[Dataset excerpts]
Start of Block

(* Let $H$ be a combinatorial Hopf monoid, $K\subseteq H$ a Hopf submonoid, $I$ a finite set and $h\in H_I$. Let $\Delta_h$ be the set of set compositions $C$ of $I$ all of whose minors $h_j$ are defined, and let $\Gamma_{K,h}\subseteq\Delta_h$ be the set of those $C\in\Delta_h$ such that some minor $h_j\notin K_{C_j}$. Then: (1) if $C\in\Gamma_{K,h}$ and $D\in\Delta_h$ is a coarsening of $C$ (each block of $D$ is a union of consecutive blocks of $C$, in order), then $D\in\Gamma_{K,h}$; (2) $\Psi_{\varphi_K}(h)=\sum_{C\in\Delta_h\setminus\Gamma_{K,h}}M_{\mathrm{type}(C)}$, i.e. $\Psi_{\varphi_K}(h)$ is the Ehrhart quasisymmetric function $E_{C(\Delta_h\setminus\Gamma_{K,h})}$ enumerating (via $\mathbf a\mapsto\prod_{i\in I}x_{a_i}$) the lattice points $\mathbf a\in\mathbb Z_{>0}^I$ which are constant on the blocks of some $C\in\Delta_h\setminus\Gamma_{K,h}$ and strictly increasing from block to block.
   Context: A combinatorial Hopf monoid $H$ consists of: for each finite set $I$ a finite set $H_I$, with $H_\emptyset=\{1\}$, and bijections $H_\sigma:H_I\to H_J$ for bijections $\sigma:I\to J$, functorially; associative products $H_S\times H_T\to H_{S\sqcup T}$, $(f,g)\mapsto f\cdot g$, with unit $1$; and for each $S\subseteq I$ partial maps (restriction) $h\mapsto h|_S\in H_S$ and (contraction) $h\mapsto h/S\in H_{I\setminus S}$, with $h|_I=h$, $h/\emptyset=h$, all maps compatible with relabelings, such that for $T\subseteq S\subseteq I$: $(h|_S)|_T=h|_T$, $(h/T)/(S\setminus T)=h/S$, $(h|_S)/T=(h/T)|_{S\setminus T}$, and for $f\in H_A$, $g\in H_B$, $S\subseteq A\sqcup B$: $(f\cdot g)|_S=f|_{S\cap A}\cdot g|_{S\cap B}$ and $(f\cdot g)/S=f/(S\cap A)\cdot g/(S\cap B)$; in each equation one side is defined iff the other is. A Hopf submonoid $K$ is a family $K_I\subseteq H_I$ closed under relabeling, containing $1$, closed under products, and such that restrictions and contractions of elements of $K$, when defined, lie in $K$. The character $\varphi_K$ is $\varphi_K(h)=1$ if $h\in K_I$ and $0$ otherwise (and $0$ on undefined elements). For a set composition $C=(C_1,\dots,C_k)$ of $I$ (nonempty disjoint blocks with union $I$), set $S_j=C_1\cup\dots\cup C_j$, $S_0=\emptyset$, and the minors $h_j=(h|_{S_j})/S_{j-1}\in H_{C_j}$; $\mathrm{type}(C)=(|C_1|,\dots,|C_k|)$; $M_\alpha$ is the monomial quasisymmetric function. $\Psi_\varphi(h)=\sum_{C}\big(\prod_{j}\varphi(h_j)\big)M_{\mathrm{type}(C)}$, the sum over all set compositions of $I$. *)

theory Defs
  imports Main
begin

End of Block

Required work:
The answer is every entry, copied word for word.

Solution:
(* Let $H$ be a combinatorial Hopf monoid, $K\subseteq H$ a Hopf submonoid, $I$ a finite set and $h\in H_I$. Let $\Delta_h$ be the set of set compositions $C$ of $I$ all of whose minors $h_j$ are defined, and let $\Gamma_{K,h}\subseteq\Delta_h$ be the set of those $C\in\Delta_h$ such that some minor $h_j\notin K_{C_j}$. Then: (1) if $C\in\Gamma_{K,h}$ and $D\in\Delta_h$ is a coarsening of $C$ (each block of $D$ is a union of consecutive blocks of $C$, in order), then $D\in\Gamma_{K,h}$; (2) $\Psi_{\varphi_K}(h)=\sum_{C\in\Delta_h\setminus\Gamma_{K,h}}M_{\mathrm{type}(C)}$, i.e. $\Psi_{\varphi_K}(h)$ is the Ehrhart quasisymmetric function $E_{C(\Delta_h\setminus\Gamma_{K,h})}$ enumerating (via $\mathbf a\mapsto\prod_{i\in I}x_{a_i}$) the lattice points $\mathbf a\in\mathbb Z_{>0}^I$ which are constant on the blocks of some $C\in\Delta_h\setminus\Gamma_{K,h}$ and strictly increasing from block to block.
   Context: A combinatorial Hopf monoid $H$ consists of: for each finite set $I$ a finite set $H_I$, with $H_\emptyset=\{1\}$, and bijections $H_\sigma:H_I\to H_J$ for bijections $\sigma:I\to J$, functorially; associative products $H_S\times H_T\to H_{S\sqcup T}$, $(f,g)\mapsto f\cdot g$, with unit $1$; and for each $S\subseteq I$ partial maps (restriction) $h\mapsto h|_S\in H_S$ and (contraction) $h\mapsto h/S\in H_{I\setminus S}$, with $h|_I=h$, $h/\emptyset=h$, all maps compatible with relabelings, such that for $T\subseteq S\subseteq I$: $(h|_S)|_T=h|_T$, $(h/T)/(S\setminus T)=h/S$, $(h|_S)/T=(h/T)|_{S\setminus T}$, and for $f\in H_A$, $g\in H_B$, $S\subseteq A\sqcup B$: $(f\cdot g)|_S=f|_{S\cap A}\cdot g|_{S\cap B}$ and $(f\cdot g)/S=f/(S\cap A)\cdot g/(S\cap B)$; in each equation one side is defined iff the other is. A Hopf submonoid $K$ is a family $K_I\subseteq H_I$ closed under relabeling, containing $1$, closed under products, and such that restrictions and contractions of elements of $K$, when defined, lie in $K$. The character $\varphi_K$ is $\varphi_K(h)=1$ if $h\in K_I$ and $0$ otherwise (and $0$ on undefined elements). For a set composition $C=(C_1,\dots,C_k)$ of $I$ (nonempty disjoint blocks with union $I$), set $S_j=C_1\cup\dots\cup C_j$, $S_0=\emptyset$, and the minors $h_j=(h|_{S_j})/S_{j-1}\in H_{C_j}$; $\mathrm{type}(C)=(|C_1|,\dots,|C_k|)$; $M_\alpha$ is the monomial quasisymmetric function. $\Psi_\varphi(h)=\sum_{C}\big(\prod_{j}\varphi(h_j)\big)M_{\mathrm{type}(C)}$, the sum over all set compositions of $I$. *)

theory Defs
  imports Main
begin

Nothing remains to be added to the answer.